The event was hosted by Norfolk-based science education charity, the Teacher Scientist Network, and a cluster of Norfolk schools which have formed The East Norfolk Triple Science Network, including Hobart High School in Loddon, Flegg High School in Martham, Caister High School and Gorleston-based high schools Cliff Park, Oriel and Lynn Grove.

The event included a science demonstration exploring the principles of jet propulsion and also workshops delivered by biologists and chemists from the University of East Anglia.

There was also a quick-fire, 'speed-dating' session with eight young researchers from across the Norwich Research Park talking with the students about life in and out of the lab.
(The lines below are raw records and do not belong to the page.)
lemma big_M_feasible_below:
  fixes d :: "'c::finite \<Rightarrow> 'v \<Rightarrow> real"
  assumes nonneg: "\<And>j v. v \<in> V \<Longrightarrow> 0 \<le> d j v"
    and vK_in: "\<And>K. vK K \<in> V" and rK_nonneg: "\<And>K. 0 \<le> rK K"
    and vK_le: "\<And>K j. j \<in> K \<Longrightarrow> d j (vK K) \<le> rK K"
    and rK_min: "\<And>K v r. v \<in> V \<Longrightarrow> 0 \<le> r \<Longrightarrow> \<forall>j\<in>K. d j v \<le> r \<Longrightarrow> rK K \<le> r"
    and rK_less: "\<And>K. rK K < M" and d_less: "\<And>K j. d j (vK K) < M"
    and "t \<in> failing_radii d V q" "t < t'"
  shows "\<exists>r\<le>t'. big_M_feasible d V q M r"
proof -
  obtain v where "v \<in> V" "0 \<le> t" and few: "card {j. t \<le> d j v} < q"
    using \<open>t \<in> failing_radii d V q\<close> unfolding failing_radii_def by blast
  define K where "K = {j. d j v < t}"
  have "rK K \<le> t"
    by (rule rK_min[OF \<open>v \<in> V\<close> \<open>0 \<le> t\<close>]) (simp add: K_def less_imp_le)
  define r where "r = min t' M"
  have "0 \<le> r" "r \<le> M" "r \<le> t'" "rK K < r"
    unfolding r_def using \<open>rK K \<le> t\<close> \<open>t < t'\<close> rK_nonneg[of K] rK_less[of K] by auto
  define \<delta> :: "'c \<Rightarrow> real" where "\<delta> j = (if r \<le> d j (vK K) then 1 else 0)" for j
  have \<delta>01: "\<And>j. \<delta> j \<in> {0, 1}" unfolding \<delta>_def by simp
  have "j \<notin> K" if "\<delta> j = 1" for j
  proof
    assume "j \<in> K"
    then have "d j (vK K) < r" using vK_le \<open>rK K < r\<close> by (meson le_less_trans)
    with that show False by (simp add: \<delta>_def)
  qed
  then have "{j. \<delta> j = 1} \<subseteq> {j. t \<le> d j v}" by (auto simp: K_def not_less)
  then have "card {j. \<delta> j = 1} < q"
    using few by (meson card_mono finite le_less_trans)
  then have "(\<Sum>j\<in>UNIV. \<delta> j) < real q"
    by (simp add: sum_zero_one_eq_card[OF \<delta>01])
  moreover have "d j (vK K) - M * \<delta> j < r \<and> r \<le> d j (vK K) + M * (1 - \<delta> j)" for j
  proof (cases "r \<le> d j (vK K)")
    case True
    then show ?thesis using d_less[where K = K and j = j] \<open>0 \<le> r\<close> by (simp add: \<delta>_def)
  next
    case False
    then show ?thesis using nonneg[OF vK_in[of K], of j] \<open>r \<le> M\<close> by (simp add: \<delta>_def)
  qed
  ultimately have "big_M_feasible d V q M r"
    unfolding big_M_feasible_def using \<open>0 \<le> r\<close> vK_in \<delta>01 by blast
  with \<open>r \<le> t'\<close> show ?thesis by blast
qed

lemma big_M_Inf_eq:
  fixes d :: "'c::finite \<Rightarrow> 'v \<Rightarrow> real"
  assumes nonneg: "\<And>j v. v \<in> V \<Longrightarrow> 0 \<le> d j v"
    and attained: "\<And>K. \<exists>v\<in>V. \<exists>r\<ge>0. (\<forall>j\<in>K. d j v \<le> r) \<and>
      (\<forall>v'\<in>V. \<forall>r'\<ge>0. (\<forall>j\<in>K. d j v' \<le> r') \<longrightarrow> r \<le> r')"
  shows "\<exists>M0>0. \<forall>M\<ge>M0.
    Inf (ereal ` Collect (big_M_feasible d V q M)) = Inf (ereal ` failing_radii d V q)"
proof -
  from attained have "\<forall>K. \<exists>v r. v \<in> V \<and> 0 \<le> r \<and> (\<forall>j\<in>K. d j v \<le> r) \<and>
      (\<forall>v'\<in>V. \<forall>r'\<ge>0. (\<forall>j\<in>K. d j v' \<le> r') \<longrightarrow> r \<le> r')"
    by blast
  then obtain vK rK where "\<And>K. vK K \<in> V \<and> 0 \<le> rK K \<and> (\<forall>j\<in>K. d j (vK K) \<le> rK K) \<and>
      (\<forall>v'\<in>V. \<forall>r'\<ge>0. (\<forall>j\<in>K. d j v' \<le> r') \<longrightarrow> rK K \<le> r')"
    by metis
  then have vK_in: "\<And>K. vK K \<in> V" and rK_nonneg: "\<And>K. 0 \<le> rK K"
    and vK_le: "\<And>K j. j \<in> K \<Longrightarrow> d j (vK K) \<le> rK K"
    and rK_min: "\<And>K v r. v \<in> V \<Longrightarrow> 0 \<le> r \<Longrightarrow> \<forall>j\<in>K. d j v \<le> r \<Longrightarrow> rK K \<le> r"
    by blast+
  define M0 where "M0 = 1 + (\<Sum>K\<in>UNIV. rK K + (\<Sum>j\<in>UNIV. d j (vK K)))"
  have d_sum: "d j (vK K) \<le> (\<Sum>j\<in>UNIV. d j (vK K))" for K j
    using nonneg[OF vK_in] by (intro member_le_sum) auto
  have sum_le: "rK K + (\<Sum>j\<in>UNIV. d j (vK K)) \<le> (\<Sum>K\<in>UNIV. rK K + (\<Sum>j\<in>UNIV. d j (vK K)))" for K
    by (intro member_le_sum) (auto intro!: add_nonneg_nonneg sum_nonneg rK_nonneg nonneg vK_in)
  have rK_less: "rK K < M0" for K
  proof -
    have "0 \<le> (\<Sum>j\<in>UNIV. d j (vK K))" by (simp add: sum_nonneg nonneg vK_in)
    then show ?thesis using sum_le[of K] unfolding M0_def by linarith
  qed
  have d_less: "d j (vK K) < M0" for K j
    using sum_le[of K] d_sum[where K = K and j = j] rK_nonneg[of K] unfolding M0_def by linarith
  show ?thesis
  proof (intro exI[of _ M0] conjI allI impI)
    show "0 < M0" using rK_less[of "{}"] rK_nonneg[of "{}"] by linarith
    fix M assume "M0 \<le> M"
    show "Inf (ereal ` Collect (big_M_feasible d V q M)) = Inf (ereal ` failing_radii d V q)"
    proof (rule Inf_ereal_eq_if_approx)
      show "Collect (big_M_feasible d V q M) \<subseteq> failing_radii d V q"
        using big_M_feasible_imp_failing by blast
      have M_bounds: "rK K < M" "d j (vK K) < M" for K j
        using rK_less[of K] d_less[where K = K and j = j] \<open>M0 \<le> M\<close> by linarith+
      show "\<exists>r\<in>Collect (big_M_feasible d V q M). r \<le> t'"
        if "t \<in> failing_radii d V q" "t < t'" for t t'
      proof -
        have "\<exists>r\<le>t'. big_M_feasible d V q M r"
          by (rule big_M_feasible_below[where vK = vK and rK = rK and t = t])
            (use nonneg vK_in rK_nonneg vK_le rK_min M_bounds that in auto)
        then show ?thesis by auto
      qed
    qed
  qed
qed
lemma connectors_both_or_neither:
  assumes "cubic H" and "finite (edges K)" and "perfect_matching G N"
  shows "Inr True \<in> N \<longleftrightarrow> Inr False \<in> N"
proof -
  have H: "finite (verts H)" "finite (edges H)"
    "\<forall>h\<in>edges H. fst (ends H h) \<in> verts H \<and> snd (ends H h) \<in> verts H"
    using assms(1) by (auto simp: cubic_def mgraph_def)
  have ab: "a \<in> verts H" "b \<in> verts H" using H(3) e_edge ends_e by (metis fst_conv snd_conv)+
  have NG: "N \<subseteq> edges G" and N: "\<forall>x\<in>N. \<not> is_loop G x"
    and matched: "\<forall>u\<in>verts G. card {x\<in>N. incident G u x} = 1"
    using assms(3) by (auto simp: perfect_matching_def)
  have fin: "finite N" using NG H(2) assms(2) by (simp add: edges_G finite_subset)
  let ?S = "Inl ` verts H :: ('v + 'w) set"
  let ?NH = "{x\<in>N. \<exists>h. x = Inl (Inl h)}" and ?NC = "N \<inter> {Inr True, Inr False}"
  have side: "fst (ends G x) \<in> ?S \<longleftrightarrow> (\<exists>h. x = Inl (Inl h)) \<or> x \<in> {Inr True, Inr False}"
    "snd (ends G x) \<in> ?S \<longleftrightarrow> (\<exists>h. x = Inl (Inl h))" if "x \<in> edges G" for x
    using that H(3) ab by (cases x rule: sum_sum_bool_cases; force)+
  have "card (verts H) = card ?S" by (simp add: card_image)
  also have "\<dots> = card {x\<in>N. fst (ends G x) \<in> ?S} + card {x\<in>N. snd (ends G x) \<in> ?S}"
    using card_eq_count_matched_ends[OF fin N] H(1) matched by simp
  also have "{x\<in>N. fst (ends G x) \<in> ?S} = ?NH \<union> ?NC" using side NG by blast
  also have "{x\<in>N. snd (ends G x) \<in> ?S} = ?NH" using side NG by blast
  also have "card (?NH \<union> ?NC) = card ?NH + card ?NC" using fin by (intro card_Un_disjoint) auto
  finally have "even (card ?NC)" using even_card_verts_if_cubic[OF assms(1)] by presburger
  then show ?thesis by (cases "Inr True \<in> N"; cases "Inr False \<in> N") auto
qed

lemma perfect_matching_left_part:
  assumes "cubic H" and "finite (edges K)" and "perfect_matching G N"
  shows "perfect_matching H (left_part e N)"
  unfolding perfect_matching_def
proof (intro conjI ballI)
  have NG: "N \<subseteq> edges G" using assms(3) by (simp add: perfect_matching_def)
  then show "left_part e N \<subseteq> edges H" using e_edge by (auto simp: left_part_def)
  fix h assume "h \<in> left_part e N"
  then have "h = e \<or> Inl (Inl h) \<in> N" by (auto simp: left_part_def split: if_splits)
  then show "\<not> is_loop H h"
    using assms(3) ends_e a_ne_b by (auto simp: perfect_matching_def is_loop_def)
next
  fix v assume "v \<in> verts H"
  have "Inl (Inl e) \<notin> N" using assms(3) by (auto simp: perfect_matching_def)
  then have "card {h\<in>left_part e N. incident H v h} = card {x\<in>N. incident G (Inl v) x}"
    using card_incident_Inl connectors_both_or_neither[OF assms] by simp
  also have "\<dots> = 1" using assms(3) \<open>v \<in> verts H\<close> by (simp add: perfect_matching_def)
  finally show "card {h\<in>left_part e N. incident H v h} = 1" .
qed

lemma perfect_matching_glue:
  assumes M: "perfect_matching H M" and L: "perfect_matching K L" and "e \<in> M \<longleftrightarrow> f \<in> L"
  shows "perfect_matching G (glue e f M L)"
  unfolding perfect_matching_def
proof (intro conjI ballI)
  show "glue e f M L \<subseteq> edges G"
    using M L by (auto simp: glue_def perfect_matching_def)
  show "\<not> is_loop G x" if "x \<in> glue e f M L" for x
    using that M L by (auto simp: glue_def perfect_matching_def split: if_splits)
next
  have no_old: "Inl (Inl e) \<notin> glue e f M L" "Inl (Inr f) \<notin> glue e f M L"
    and conn: "Inr True \<in> glue e f M L \<longleftrightarrow> Inr False \<in> glue e f M L"
    by (auto simp: glue_def)
  fix u assume "u \<in> verts G"
  then consider v where "u = Inl v" "v \<in> verts H" | w where "u = Inr w" "w \<in> verts K" by auto
  then show "card {x\<in>glue e f M L. incident G u x} = 1"
  proof cases
    case 1
    then show ?thesis using card_incident_Inl[OF no_old(1) conn] M
      by (simp add: left_part_glue perfect_matching_def)
  next
    case 2
    then show ?thesis using card_incident_Inr[OF no_old(2) conn] L assms(3)
      by (simp add: right_part_glue perfect_matching_def)
  qed
qed
lemma complete_homog_mset:
  fixes xs ys :: "'a::idom list"
  assumes "mset xs = mset ys"
  shows "complete_homog xs m = complete_homog ys m"
  using assms
proof (induction xs arbitrary: ys m)
  case (Cons x xs)
  then have "x \<in> set ys"
    using mset_eq_setD by fastforce
  then obtain ys1 ys2 where ys: "ys = ys1 @ x # ys2"
    by (meson split_list)
  then have "mset xs = mset (ys1 @ ys2)"
    using Cons.prems by simp
  then have "complete_homog (x # xs) m = complete_homog (x # ys1 @ ys2) m"
    by (simp add: complete_homog.simps Cons.IH[of "ys1 @ ys2"])
  also have "\<dots> = complete_homog ys m"
    by (simp add: ys complete_homog_move_to_front)
  finally show ?case .
qed simp

lemma complete_homog_Cons_replicate_0:
  fixes x :: "'a::comm_ring_1"
  shows "complete_homog (x # replicate n 0) m = x ^ m"
proof -
  have zeros: "complete_homog (replicate n (0::'a)) m = complete_homog [] m" for m :: nat
  proof (induction n arbitrary: m)
    case (Suc n)
    have "complete_homog ((0::'a) # replicate n 0) m = (\<Sum>i\<le>m. if i = 0 then complete_homog [] m else 0)"
      unfolding complete_homog.simps(2) by (rule sum.cong) (auto simp: Suc.IH power_0_left)
    then show ?case
      by simp
  qed simp
  show ?thesis
    using complete_homog_singleton[of x m] by (simp add: complete_homog.simps zeros)
qed

section \<open>Divided differences\<close>

(* For a list xs of k + 1 nodes, the divided difference of y |-> sum_(j <= d) b j * y ^ j at xs. *)
definition divided_diff :: "(nat \<Rightarrow> 'a::comm_ring_1) \<Rightarrow> nat \<Rightarrow> nat \<Rightarrow> 'a list \<Rightarrow> 'a" where
  "divided_diff b d k xs = (\<Sum>j=k..d. b j * complete_homog xs (j - k))"

lemma divided_diff_singleton: "divided_diff b d 0 [y] = (\<Sum>j\<le>d. b j * y ^ j)"
  by (simp add: divided_diff_def atLeast0AtMost)

lemma divided_diff_Cons_diff:
  "divided_diff b d k (a # xs) - divided_diff b d k (c # xs)
     = (a - c) * divided_diff b d (Suc k) (a # c # xs)"
proof (cases "k \<le> d")
  case True
  have "divided_diff b d k (a # xs) - divided_diff b d k (c # xs)
      = (\<Sum>j=k..d. b j * (complete_homog (a # xs) (j - k) - complete_homog (c # xs) (j - k)))"
    by (simp add: divided_diff_def sum_subtractf right_diff_distrib)
  also have "\<dots> = (\<Sum>j=Suc k..d. b j * (complete_homog (a # xs) (j - k) - complete_homog (c # xs) (j - k)))"
    using True by (simp add: sum.atLeast_Suc_atMost)
  also have "\<dots> = (\<Sum>j=Suc k..d. (a - c) * (b j * complete_homog (a # c # xs) (j - Suc k)))"
  proof (rule sum.cong)
    fix j assume "j \<in> {Suc k..d}"
    then have "j - k = Suc (j - Suc k)"
      by (simp add: Suc_diff_Suc)
    then show "b j * (complete_homog (a # xs) (j - k) - complete_homog (c # xs) (j - k))
        = (a - c) * (b j * complete_homog (a # c # xs) (j - Suc k))"
      by (simp only: complete_homog_Cons_diff) (simp add: algebra_simps)
  qed simp
  finally show ?thesis
    by (simp add: divided_diff_def sum_distrib_left)
qed (simp add: divided_diff_def)

lemma divided_diff_mset:
  fixes xs ys :: "'a::idom list"
  assumes "mset xs = mset ys"
  shows "divided_diff b d k xs = divided_diff b d k ys"
  by (simp add: divided_diff_def complete_homog_mset[OF assms])

lemma divided_diff_eq_0_if_roots:
  fixes b :: "nat \<Rightarrow> 'a::idom"
  assumes "length xs = Suc k" and "distinct xs"
    and "\<And>y. y \<in> set xs \<Longrightarrow> (\<Sum>j\<le>d. b j * y ^ j) = 0"
  shows "divided_diff b d k xs = 0"
  using assms
proof (induction k arbitrary: xs)
  case 0
  then obtain y where "xs = [y]"
    by (auto simp: length_Suc_conv)
  with 0 show ?case
    by (simp add: divided_diff_singleton)
next
  case (Suc k)
  then obtain a c ys where xs: "xs = a # c # ys"
    by (auto simp: length_Suc_conv)
  have "divided_diff b d k (a # ys) = 0" and "divided_diff b d k (c # ys) = 0"
    by (rule Suc.IH; use Suc.prems xs in auto)+
  then have "(a - c) * divided_diff b d (Suc k) (a # c # ys) = 0"
    by (simp flip: divided_diff_Cons_diff)
  then show ?case
    using Suc.prems(2) xs by simp
qed

definition divided_diff_poly :: "(nat \<Rightarrow> 'a::comm_ring_1) \<Rightarrow> nat \<Rightarrow> nat \<Rightarrow> 'a list \<Rightarrow> 'a poly" where
  "divided_diff_poly b d k xs = (\<Sum>j=k..d. \<Sum>i\<le>j - k. monom (b j * complete_homog xs (j - k - i)) i)"

lemma poly_divided_diff_poly: "poly (divided_diff_poly b d k xs) y = divided_diff b d k (y # xs)"
  by (simp add: divided_diff_poly_def divided_diff_def poly_sum poly_monom complete_homog.simps
      sum_distrib_left mult_ac)

lemma coeff_divided_diff_poly:
  "coeff (divided_diff_poly b d k xs) n
     = (\<Sum>j=k..d. if n \<le> j - k then b j * complete_homog xs (j - k - n) else 0)"
  unfolding divided_diff_poly_def coeff_sum coeff_monom by (intro sum.cong refl) (simp add: sum.delta)

lemma degree_divided_diff_poly: "degree (divided_diff_poly b d k xs) \<le> d - k"
  by (rule degree_le) (auto simp: coeff_divided_diff_poly intro!: sum.neutral)

lemma coeff_divided_diff_poly_top:
  assumes "k \<le> d"
  shows "coeff (divided_diff_poly b d k xs) (d - k) = b d"
proof -
  have "coeff (divided_diff_poly b d k xs) (d - k) = (\<Sum>j=k..d. if j = d then b d else 0)"
    unfolding coeff_divided_diff_poly by (rule sum.cong) auto
  then show ?thesis
    using assms by simp
qed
The co-ordinator of the Triple Science Network, Sandra Shelley, from Lynn Grove High School, said: "We hope the event will really inspire pupils with regard to science and underline the fact that studying science subjects can be exciting and fun.

"Evidence shows that pupils have decided by the age of 14 years about whether or not they wish to study sciences further. We hope that this event, together with good science teaching in our schools, will help them to choose triple science at GCSE and beyond."

The day also offered an opportunity to explore careers and future study with staff from employers, colleges and training bodies.

Imogen Lawson, 14, from Hobart High School, said: "I think the demonstrations have been really interesting; it has made me want to find out more, especially about rocket science. After being here today, science is definitely one of the things I would think about taking further."

Dr Phil Smith, co-ordinator of TSN, added: "We shouldn't underestimate the responsibility of those engaged in STEM subjects (Science Technology Engineering and Maths) to work together with schools on this challenge.

"I hope that having had the chance to talk to young people at this event, many of the scientists will be inspired to engage more with schools in the future."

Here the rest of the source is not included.